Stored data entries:
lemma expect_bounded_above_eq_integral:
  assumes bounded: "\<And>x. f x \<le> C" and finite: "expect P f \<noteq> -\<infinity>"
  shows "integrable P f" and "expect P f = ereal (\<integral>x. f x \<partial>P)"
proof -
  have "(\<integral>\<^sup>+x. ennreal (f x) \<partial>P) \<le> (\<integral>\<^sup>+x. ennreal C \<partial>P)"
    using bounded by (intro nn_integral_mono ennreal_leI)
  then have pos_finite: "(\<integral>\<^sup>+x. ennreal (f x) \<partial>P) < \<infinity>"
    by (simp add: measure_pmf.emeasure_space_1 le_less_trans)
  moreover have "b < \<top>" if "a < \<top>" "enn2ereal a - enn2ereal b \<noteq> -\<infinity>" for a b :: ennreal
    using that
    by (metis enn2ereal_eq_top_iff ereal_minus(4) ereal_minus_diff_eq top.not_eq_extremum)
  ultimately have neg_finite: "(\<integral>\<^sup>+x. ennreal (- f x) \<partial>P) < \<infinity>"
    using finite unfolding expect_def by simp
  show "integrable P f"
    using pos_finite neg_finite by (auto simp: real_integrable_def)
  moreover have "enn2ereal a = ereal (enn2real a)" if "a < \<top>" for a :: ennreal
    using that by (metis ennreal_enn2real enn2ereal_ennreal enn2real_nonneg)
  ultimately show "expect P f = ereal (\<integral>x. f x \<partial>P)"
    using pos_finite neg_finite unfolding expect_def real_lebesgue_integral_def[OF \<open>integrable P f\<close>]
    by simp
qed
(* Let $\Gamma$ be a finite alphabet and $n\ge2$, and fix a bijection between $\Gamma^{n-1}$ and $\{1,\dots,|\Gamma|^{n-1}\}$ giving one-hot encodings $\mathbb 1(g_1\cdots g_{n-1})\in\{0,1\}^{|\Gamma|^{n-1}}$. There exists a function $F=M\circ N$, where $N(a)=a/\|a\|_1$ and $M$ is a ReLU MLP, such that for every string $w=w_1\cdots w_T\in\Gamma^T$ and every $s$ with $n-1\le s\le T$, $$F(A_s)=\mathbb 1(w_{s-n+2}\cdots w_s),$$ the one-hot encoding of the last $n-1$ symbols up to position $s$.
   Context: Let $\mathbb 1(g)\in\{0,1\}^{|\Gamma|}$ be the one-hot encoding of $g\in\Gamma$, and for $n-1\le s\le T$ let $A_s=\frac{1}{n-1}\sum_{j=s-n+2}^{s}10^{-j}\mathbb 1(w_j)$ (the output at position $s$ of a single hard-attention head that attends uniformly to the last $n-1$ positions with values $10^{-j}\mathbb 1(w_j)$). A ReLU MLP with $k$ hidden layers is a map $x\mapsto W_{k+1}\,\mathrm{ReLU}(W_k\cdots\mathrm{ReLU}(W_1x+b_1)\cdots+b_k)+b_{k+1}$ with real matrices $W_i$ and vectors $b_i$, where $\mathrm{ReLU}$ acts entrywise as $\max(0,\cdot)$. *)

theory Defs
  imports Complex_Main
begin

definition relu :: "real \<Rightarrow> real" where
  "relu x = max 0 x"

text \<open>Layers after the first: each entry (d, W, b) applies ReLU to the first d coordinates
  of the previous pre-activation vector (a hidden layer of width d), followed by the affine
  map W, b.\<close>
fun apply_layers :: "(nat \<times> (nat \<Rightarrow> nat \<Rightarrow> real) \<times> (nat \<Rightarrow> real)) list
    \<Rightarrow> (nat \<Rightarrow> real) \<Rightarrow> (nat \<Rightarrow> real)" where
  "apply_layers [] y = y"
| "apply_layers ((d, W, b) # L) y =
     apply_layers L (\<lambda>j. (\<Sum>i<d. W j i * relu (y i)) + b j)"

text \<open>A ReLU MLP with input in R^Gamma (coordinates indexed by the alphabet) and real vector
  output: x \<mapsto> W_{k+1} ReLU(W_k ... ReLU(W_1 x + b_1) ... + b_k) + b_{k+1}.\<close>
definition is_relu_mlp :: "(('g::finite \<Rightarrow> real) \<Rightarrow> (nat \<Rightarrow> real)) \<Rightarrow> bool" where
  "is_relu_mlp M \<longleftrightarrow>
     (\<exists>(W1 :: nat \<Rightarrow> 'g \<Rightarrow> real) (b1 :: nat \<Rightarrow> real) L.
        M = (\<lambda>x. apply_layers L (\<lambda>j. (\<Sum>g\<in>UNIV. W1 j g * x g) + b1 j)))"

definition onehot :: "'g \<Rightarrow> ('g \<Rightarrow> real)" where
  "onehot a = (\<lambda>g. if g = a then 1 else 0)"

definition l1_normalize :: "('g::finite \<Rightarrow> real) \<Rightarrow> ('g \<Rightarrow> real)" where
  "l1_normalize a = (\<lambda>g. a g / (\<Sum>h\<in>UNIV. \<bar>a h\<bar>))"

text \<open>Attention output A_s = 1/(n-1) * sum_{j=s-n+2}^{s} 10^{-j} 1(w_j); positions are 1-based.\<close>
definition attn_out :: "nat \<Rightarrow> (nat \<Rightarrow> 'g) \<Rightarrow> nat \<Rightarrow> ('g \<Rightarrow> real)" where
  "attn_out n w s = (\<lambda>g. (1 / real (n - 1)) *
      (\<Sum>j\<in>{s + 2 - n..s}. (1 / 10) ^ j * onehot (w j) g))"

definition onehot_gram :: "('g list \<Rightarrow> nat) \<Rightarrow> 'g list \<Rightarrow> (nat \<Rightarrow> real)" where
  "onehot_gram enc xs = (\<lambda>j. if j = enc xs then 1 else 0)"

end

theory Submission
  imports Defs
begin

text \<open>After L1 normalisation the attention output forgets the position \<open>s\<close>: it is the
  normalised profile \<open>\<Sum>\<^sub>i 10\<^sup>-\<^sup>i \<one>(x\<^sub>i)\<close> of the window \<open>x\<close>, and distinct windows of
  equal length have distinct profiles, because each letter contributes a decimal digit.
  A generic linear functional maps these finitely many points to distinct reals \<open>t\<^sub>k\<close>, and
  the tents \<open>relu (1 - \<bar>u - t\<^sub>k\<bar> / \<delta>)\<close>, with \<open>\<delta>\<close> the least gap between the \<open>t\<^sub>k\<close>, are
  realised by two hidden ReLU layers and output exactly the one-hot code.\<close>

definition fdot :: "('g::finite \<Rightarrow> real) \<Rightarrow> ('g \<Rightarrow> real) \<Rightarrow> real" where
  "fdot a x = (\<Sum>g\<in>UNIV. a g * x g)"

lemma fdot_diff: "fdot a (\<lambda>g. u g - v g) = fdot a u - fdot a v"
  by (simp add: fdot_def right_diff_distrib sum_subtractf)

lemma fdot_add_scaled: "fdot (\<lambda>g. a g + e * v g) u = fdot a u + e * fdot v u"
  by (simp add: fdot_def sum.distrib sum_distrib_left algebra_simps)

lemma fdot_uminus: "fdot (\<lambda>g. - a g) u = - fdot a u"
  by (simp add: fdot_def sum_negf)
---
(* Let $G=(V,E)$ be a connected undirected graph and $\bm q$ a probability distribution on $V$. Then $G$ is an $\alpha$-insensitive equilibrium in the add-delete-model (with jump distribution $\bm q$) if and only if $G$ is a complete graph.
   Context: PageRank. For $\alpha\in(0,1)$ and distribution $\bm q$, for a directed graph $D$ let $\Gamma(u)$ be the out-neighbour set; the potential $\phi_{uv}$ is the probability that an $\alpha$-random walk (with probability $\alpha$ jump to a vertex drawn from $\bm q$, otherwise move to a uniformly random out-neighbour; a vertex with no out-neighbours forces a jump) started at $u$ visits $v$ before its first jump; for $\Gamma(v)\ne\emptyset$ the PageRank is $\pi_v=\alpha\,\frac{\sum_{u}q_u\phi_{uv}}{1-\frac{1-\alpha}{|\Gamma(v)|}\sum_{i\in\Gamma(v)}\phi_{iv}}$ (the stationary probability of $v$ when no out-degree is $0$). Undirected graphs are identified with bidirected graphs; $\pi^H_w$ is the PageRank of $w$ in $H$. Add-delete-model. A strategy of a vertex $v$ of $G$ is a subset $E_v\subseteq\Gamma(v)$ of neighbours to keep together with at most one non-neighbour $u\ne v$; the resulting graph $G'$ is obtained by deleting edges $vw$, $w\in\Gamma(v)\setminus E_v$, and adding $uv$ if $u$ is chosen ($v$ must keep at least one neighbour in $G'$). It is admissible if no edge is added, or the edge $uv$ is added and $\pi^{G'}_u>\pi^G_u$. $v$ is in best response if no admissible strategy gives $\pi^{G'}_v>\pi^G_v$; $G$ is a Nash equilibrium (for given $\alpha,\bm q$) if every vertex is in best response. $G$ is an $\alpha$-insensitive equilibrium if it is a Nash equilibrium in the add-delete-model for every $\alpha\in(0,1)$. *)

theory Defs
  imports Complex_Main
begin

**Exercise directions:**
The answer must consist of each line in the entries above that includes "coordinates".

**Solution to this task:**
text \<open>Layers after the first: each entry (d, W, b) applies ReLU to the first d coordinates
text \<open>A ReLU MLP with input in R^Gamma (coordinates indexed by the alphabet) and real vector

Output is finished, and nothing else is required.